Apogee Press, May 2016
cups sliding across shelves, seashells and hollow dolls.
what wreckage we become, waiting. the air shimmers
and for a moment she sees through, empty floor,
something hiding under a bed. a foot for bait.
In story, by poet Laura Walker, an event from a girl child’s past is a visitation and a haunting: half-remembered, half-imagined, conjured from what family members did and did not say, peopled with characters both real and imagined, and rendered ambiguous by a gradual accrual of complexities. These poems might be understood as an investigation or retrieval, with fairytales wending through. The revelatory work of fragment is its primary tool.
her throat. shadow people on top of shadow people on
top of silhouettes, the whole shimmering spectacle of it.
This is a book of untitled prose poems in justified blocks. There are no upper case letters, precluding a hierarchy of sentences, and the punctuation itself is often malleable. Yet each prose block culminates in a period as if this particular investigation is over for now, and the poet has taken a breath. As if each time the poet builds anew a structure that cannot stay aloft much longer – a delicate, quaking thing of patterns and echoes.
In story, time and event are provisional (“if she were seven and a man was there, is there”); story itself a character, with shifting versions (“the story continues on its own…she can see it in the distance, in one version calls out, in another doesn’t”); and even sequence is rearrangeable (“one thing happens after another, except when it doesn’t…”).
The role of fairytale in these poems is at times parallel to memory, at times a turning away from memory, at times an alternate version. Thumbelina’s story is perhaps a response to the memory of being touched:
of the miniature girl: discovered in an eggcup, beneath a
tooth, inside a walnut shell…
whereas an alternate version might be the self-empowered robber-girl – ironic heroine:
placid water, boots on wide, her knife a friendly choice.
Elements from Hans Christian Andersen’s “The Tinder Box” are ubiquitous throughout story: a hollow tree, a greedy soldier, one tender (sic) box, three sets of enormous eyes. Readers might remember the appearance of the soldier in Walker’s previous books – follow/haswed (Apogee Press 2012) and rimertown (UC Press 2008) in particular.
One notes that the cover of story, designed by Philip Krayna, features an 1893 reproduction of Hans Christian Andersen’s Stories for the Household where Thumbelina is depicted riding on the wings of her bird.

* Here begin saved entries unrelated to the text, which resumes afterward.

lemma spectra_transfer:
  fixes D1 :: "'a::complex_banach set" and D2 :: "'b::complex_banach set"
  assumes lin1: "linear_op D1 S1" and cl1: "closed_op D1 (shift S1 l)"
    and lin2: "linear_op D2 S2" and cl2: "closed_op D2 (shift S2 l)"
    and inj: "inj_on (shift S1 l) D1 \<longleftrightarrow> inj_on (shift S2 l) D2"
    and closed: "closed (op_range D1 (shift S1 l)) \<longleftrightarrow> closed (op_range D2 (shift S2 l))"
    and dense: "closure (op_range D1 (shift S1 l)) = UNIV \<longleftrightarrow> closure (op_range D2 (shift S2 l)) = UNIV"
    and surj: "op_range D1 (shift S1 l) = UNIV \<longleftrightarrow> op_range D2 (shift S2 l) = UNIV"
    and upper: "upper_semi_fredholm D1 (shift S1 l) \<longleftrightarrow> upper_semi_fredholm D2 (shift S2 l)"
    and lower: "lower_semi_fredholm D1 (shift S1 l) \<longleftrightarrow> lower_semi_fredholm D2 (shift S2 l)"
  shows "(l \<in> ap_spectrum D1 S1 \<longleftrightarrow> l \<in> ap_spectrum D2 S2)
    \<and> (l \<in> cont_spectrum D1 S1 \<longleftrightarrow> l \<in> cont_spectrum D2 S2)
    \<and> (l \<in> res_spectrum D1 S1 \<longleftrightarrow> l \<in> res_spectrum D2 S2)
    \<and> (l \<in> ess_spectrum D1 S1 \<longleftrightarrow> l \<in> ess_spectrum D2 S2)"
proof -
  have ap: "l \<in> ap_spectrum D1 S1 \<longleftrightarrow> l \<in> ap_spectrum D2 S2"
    using not_ap_spectrum_iff[OF lin1 cl1] not_ap_spectrum_iff[OF lin2 cl2] inj closed by blast
  have "l \<in> resolvent_set D1 S1 \<longleftrightarrow> l \<in> resolvent_set D2 S2"
    unfolding resolvent_set_iff_bij[OF lin1 cl1] resolvent_set_iff_bij[OF lin2 cl2] bij_betw_def
    using inj surj unfolding op_range_def by blast
  then show ?thesis
    unfolding cont_spectrum_def spectrum_op_def res_spectrum_def ess_spectrum_def fredholm_def
    using ap inj dense upper lower by blast
qed

text \<open>For \<open>l \<noteq> 0\<close>, \<open>AB\<close> and \<open>BA\<close> agree at \<open>l\<close> on the four spectra; both are closed
  operators as soon as their resolvent sets are nonempty.\<close>

lemma product_spectra_equivalences:
  fixes DA :: "'x::complex_banach set" and A :: "'x \<Rightarrow> 'y::complex_banach"
    and DB :: "'y set" and B :: "'y \<Rightarrow> 'x"
  assumes "linear_op DA A" "closed_op DA A" "linear_op DB B" "closed_op DB B"
    and \<mu>: "\<mu> \<in> resolvent_set (prod_dom DB B DA) (A \<circ> B)"
    and \<nu>: "\<nu> \<in> resolvent_set (prod_dom DA A DB) (B \<circ> A)"
    and l: "l \<noteq> 0"
  shows "(l \<in> ap_spectrum (prod_dom DB B DA) (A \<circ> B) \<longleftrightarrow> l \<in> ap_spectrum (prod_dom DA A DB) (B \<circ> A))
    \<and> (l \<in> cont_spectrum (prod_dom DB B DA) (A \<circ> B) \<longleftrightarrow> l \<in> cont_spectrum (prod_dom DA A DB) (B \<circ> A))
    \<and> (l \<in> res_spectrum (prod_dom DB B DA) (A \<circ> B) \<longleftrightarrow> l \<in> res_spectrum (prod_dom DA A DB) (B \<circ> A))
    \<and> (l \<in> ess_spectrum (prod_dom DB B DA) (A \<circ> B) \<longleftrightarrow> l \<in> ess_spectrum (prod_dom DA A DB) (B \<circ> A))"
proof -
  interpret AB: resolvent_point "prod_dom DB B DA" "A \<circ> B" \<mu>
    by unfold_locales (rule linear_op_prod[OF assms(1,3)], rule \<mu>)
  interpret BA: resolvent_point "prod_dom DA A DB" "B \<circ> A" \<nu>
    by unfold_locales (rule linear_op_prod[OF assms(3,1)], rule \<nu>)
  show ?thesis
    using product_shift_equivalences[OF assms]
    by (elim conjE) (rule spectra_transfer[OF AB.lin AB.closed_op_shift BA.lin BA.closed_op_shift])
qed

theorem theorem1p5:
  fixes DA :: "'x::complex_banach set" and A :: "'x \<Rightarrow> 'y::complex_banach"
    and DB :: "'y set" and B :: "'y \<Rightarrow> 'x"
  assumes "linear_op DA A" "closed_op DA A" "densely_defined DA"
    and "linear_op DB B" "closed_op DB B" "densely_defined DB"
    and "resolvent_set (prod_dom DB B DA) (A \<circ> B) \<noteq> {}"
    and "resolvent_set (prod_dom DA A DB) (B \<circ> A) \<noteq> {}"
  shows "(\<forall>l. l \<noteq> 0 \<longrightarrow>
           (closed (op_range (prod_dom DB B DA) (shift (A \<circ> B) l))
              \<longleftrightarrow> closed (op_range (prod_dom DA A DB) (shift (B \<circ> A) l))) \<and>
           (closure (op_range (prod_dom DB B DA) (shift (A \<circ> B) l)) = UNIV
              \<longleftrightarrow> closure (op_range (prod_dom DA A DB) (shift (B \<circ> A) l)) = UNIV) \<and>
           (upper_semi_fredholm (prod_dom DB B DA) (shift (A \<circ> B) l)
              \<longleftrightarrow> upper_semi_fredholm (prod_dom DA A DB) (shift (B \<circ> A) l)) \<and>
           (lower_semi_fredholm (prod_dom DB B DA) (shift (A \<circ> B) l)
              \<longleftrightarrow> lower_semi_fredholm (prod_dom DA A DB) (shift (B \<circ> A) l)))
      \<and> ap_spectrum (prod_dom DB B DA) (A \<circ> B) - {0} = ap_spectrum (prod_dom DA A DB) (B \<circ> A) - {0}
      \<and> cont_spectrum (prod_dom DB B DA) (A \<circ> B) - {0} = cont_spectrum (prod_dom DA A DB) (B \<circ> A) - {0}
      \<and> res_spectrum (prod_dom DB B DA) (A \<circ> B) - {0} = res_spectrum (prod_dom DA A DB) (B \<circ> A) - {0}
      \<and> ess_spectrum (prod_dom DB B DA) (A \<circ> B) - {0} = ess_spectrum (prod_dom DA A DB) (B \<circ> A) - {0}"
proof -
  obtain \<mu> \<nu> where \<mu>: "\<mu> \<in> resolvent_set (prod_dom DB B DA) (A \<circ> B)"
    and \<nu>: "\<nu> \<in> resolvent_set (prod_dom DA A DB) (B \<circ> A)" using assms(7,8) by blast
  note ranges = product_shift_equivalences[OF assms(1,2,4,5) \<mu> \<nu>]
  note spectra = product_spectra_equivalences[OF assms(1,2,4,5) \<mu> \<nu>]
  show ?thesis using ranges spectra by blast
qed

end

The prose poems themselves are boxes with partially hidden elements and subject to the intrusions of migratory movement. Fever comes through, soldiers move through, dust storms come through, a story marches past. Excavated memory struggles to construct itself even as it struggles to undo.
A frequent return to shapes – the shape of story or the shape of character – is of particular interest: “she lay on the bed because to leave the bed was beyond the shape of her story” or “to lead yourself back out of the story is to fumble with shape in the dark.” Likewise, there is a recurring attention to gaps, rents and holes: “the soldier looks through a gap in the story” or “to make no stories at all, spaces to fill; to make of stories a porous net” or “there remain not the holes but the size of the holes.” These last two excerpts allude to the passage in Hans Christian Andersen’s “Wild Swans” where the swan brothers, in their human shape, spend all night weaving a net for their sister Eliza so they can bear her away to safety. This interplay of shapes and holes is also reminiscent of the shaping of a poem: The shape of text lends blank space a shape.
There is a great pleasure to be had in following the circuitous movement of these poems. Walker performs a rhythmic, musical sleight of hand – all of her shifting story fragments visible and vanishing at once. In story, poet Laura Walker is simultaneously a master of disguise and a master of revelation.
tuberculosis, give it playthings and drinks in the night,
is also to see it recede in half-light. the story cannot be
caught, cajoled, contained. we tell it in pieces falling out
of the back of a truck or broken in branches on the ground.